Fed's Kashkari Floats Breaking Up Big Banks to Avert Meltdown

Federal Reserve Bank of Minneapolis President Neel Kashkari said Congress hasn't gone far enough to protect the U.S. economy from potential crises and unveiled plans to study options for regulators that include breaking up the nation's largest financial institutions.

"The biggest banks are still too big to fail and continue to pose a significant risk to our economy," said Kashkari, who managed the U.S. Treasury's $700 billion rescue of banks in the 2008 crisis.

Kashkari, 42, said the Minneapolis Fed will hold a series of events and collect public and financial-industry input before making proposals by the end of this year on how to address the issue. He said options to consider include breaking up big banks, forcing large banks to hold so much capital they resemble "public utilities" and taxing leverage in the financial system to alleviate risks.
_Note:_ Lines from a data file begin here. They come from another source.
theorem lemma26:
  fixes n :: nat and a1 a2 a3 :: real
  assumes "n \<ge> 4"
    and "0 < a2" "a2 < 1" "0 < a3" "a3 < 1"
    and "a1 = 1 - a2 - a3"
  shows "(\<Sum>i\<in>{(i1, i2, i3) \<in> lagr_idx n. i2 \<ge> 1 \<and> i3 \<ge> 1}.
            \<bar>lagr_l n i ((real n - 1 + a1) / real n, a2 / real n, a3 / real n)\<bar>)
         \<le> 5 * 2 ^ (n + 1) / (exp 1 * real n * (ln (real n) - 1)) * (1 + 15 / (real n - 3))"
proof -
  define K where "K = 3 / (exp 1 ^ 2 * (ln (real n) - 1))"
  have "real n - 1 + a1 = real n - (a2 + a3)" using assms by simp
  then have "(\<Sum>i\<in>{(i1, i2, i3) \<in> lagr_idx n. i2 \<ge> 1 \<and> i3 \<ge> 1}.
            \<bar>lagr_l n i ((real n - 1 + a1) / real n, a2 / real n, a3 / real n)\<bar>)
      = (\<Sum>m=2..n. \<Sum>i=1..m-1.
            \<bar>(real n - (a2 + a3)) gchoose (n - m)\<bar> * \<bar>a2 gchoose i\<bar> * \<bar>a3 gchoose (m - i)\<bar>)"
    using assms(1) by (simp only: sum_lagr_idx_interior abs_lagr_l_div)
  also have "\<dots> \<le> (\<Sum>m=2..n. 2 * K
      * (real (n choose m) * (9 / 8 + 2 * ((real m + 1) / (real n + 1))) / real m))"
    unfolding K_def by (intro sum_mono lagrange_row_sum_le) (use assms in auto)
  also have "\<dots> = 2 * K
      * (\<Sum>m=2..n. real (n choose m) * (9 / 8 + 2 * ((real m + 1) / (real n + 1))) / real m)"
    by (simp add: sum_distrib_left)
  also have "\<dots> \<le> 2 * K * (2 ^ n * (13 / 3 / real n * (1 + 15 / (real n - 3))))"
    using one_less_ln[of "real n"] assms(1)
    by (intro mult_left_mono sum_binomial_weight_le) (auto simp: K_def)
  also have "\<dots> \<le> 5 * 2 ^ (n + 1) / (exp 1 * real n * (ln (real n) - 1)) * (1 + 15 / (real n - 3))"
    unfolding K_def using one_less_ln[of "real n"] assms(1) by (intro final_constant_le) auto
  finally show ?thesis .
qed

end
lemma texp_mult_ad3_zero:
  assumes W1: "X * Z - Z * X = W1" and W2: "X * W1 - W1 * X = W2" and X_W2: "X * W2 = W2 * X"
  shows "texp t b X * Z = (Z + b *\<^sub>R (t * W1) + (b * b / 2) *\<^sub>R (t * (t * W2))) * texp t b X"
proof -
  define e where "e n = (b ^ n / fact n) *\<^sub>R (t ^ n * X ^ n)" for n
  define S where "S N = (\<Sum>n<N. e n)" for N
  have summand: "e (m + 2) * Z = Z * e (m + 2) + b *\<^sub>R (t * (W1 * e (m + 1)))
      + (b * b / 2) *\<^sub>R (t * (t * (W2 * e m)))" for m
    unfolding e_def by (rule exp_term_mult_ad3_zero[OF W1 W2 X_W2])
  have partial: "S (N + 2) * Z = Z * S (N + 2) + b *\<^sub>R (t * (W1 * S (N + 1)))
      + (b * b / 2) *\<^sub>R (t * (t * (W2 * S N)))" for N
  proof (induct N)
    case 0
    have "S (0 + 2) = 1 + b *\<^sub>R (t * X)" "S (0 + 1) = 1" "S 0 = 0"
      by (simp_all add: S_def e_def numeral_2_eq_2)
    moreover have "X * Z = Z * X + W1"
      using W1 by (simp add: algebra_simps)
    ultimately show ?case
      by (simp add: algebra_simps mult_t_left_commute[of Z])
  next
    case (Suc N)
    have "S (Suc N + 2) = S (N + 2) + e (N + 2)" "S (Suc N + 1) = S (N + 1) + e (N + 1)"
      "S (Suc N) = S N + e N"
      by (simp_all add: S_def)
    then show ?case
      using Suc summand[of N] by (simp only:) (simp add: algebra_simps)
  qed
  have conv: "adic_conv t S (texp t b X)"
    unfolding S_def e_def texp_series by (rule adic_conv_suminf[OF adic_div_scaleR_t_power])
  have "adic_conv t (\<lambda>N. S (N + 2) * Z) (texp t b X * Z)"
    by (rule adic_conv_mult[OF adic_conv_shift[OF conv] adic_conv_const])
  moreover have "adic_conv t (\<lambda>N. S (N + 2) * Z) (Z * texp t b X + b *\<^sub>R (t * (W1 * texp t b X))
      + (b * b / 2) *\<^sub>R (t * (t * (W2 * texp t b X))))"
    unfolding partial
    by (intro adic_conv_add adic_conv_mult adic_conv_const adic_conv_scaleR adic_conv_shift conv)
  ultimately have "texp t b X * Z = Z * texp t b X + b *\<^sub>R (t * (W1 * texp t b X))
      + (b * b / 2) *\<^sub>R (t * (t * (W2 * texp t b X)))"
    by (rule adic_conv_unique)
  then show ?thesis
    by (simp add: distrib_right mult.assoc)
qed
Kashkari, who took over at the Minneapolis Fed on Jan. 1 following a failed run for governor of California in 2014, compared the risk posed by big banks to that of a nuclear power plant in explaining why the government would probably have to bail out banks again in the event of another systemic crisis.

"The cost to society of letting a reactor melt down is astronomical," said Kashkari, who was a Goldman Sachs Group Inc. banker before joining the Treasury during the administration of Republican President George W. Bush. "Given that cost, governments will do whatever they can to stabilize the reactor before they lose control."

In testimony before Congress last week, Fed Chair Janet Yellen said regulations imposed since the financial crisis have had "very substantial payoffs in the form of a much more resilient and stronger, better capitalized, more liquid banking system."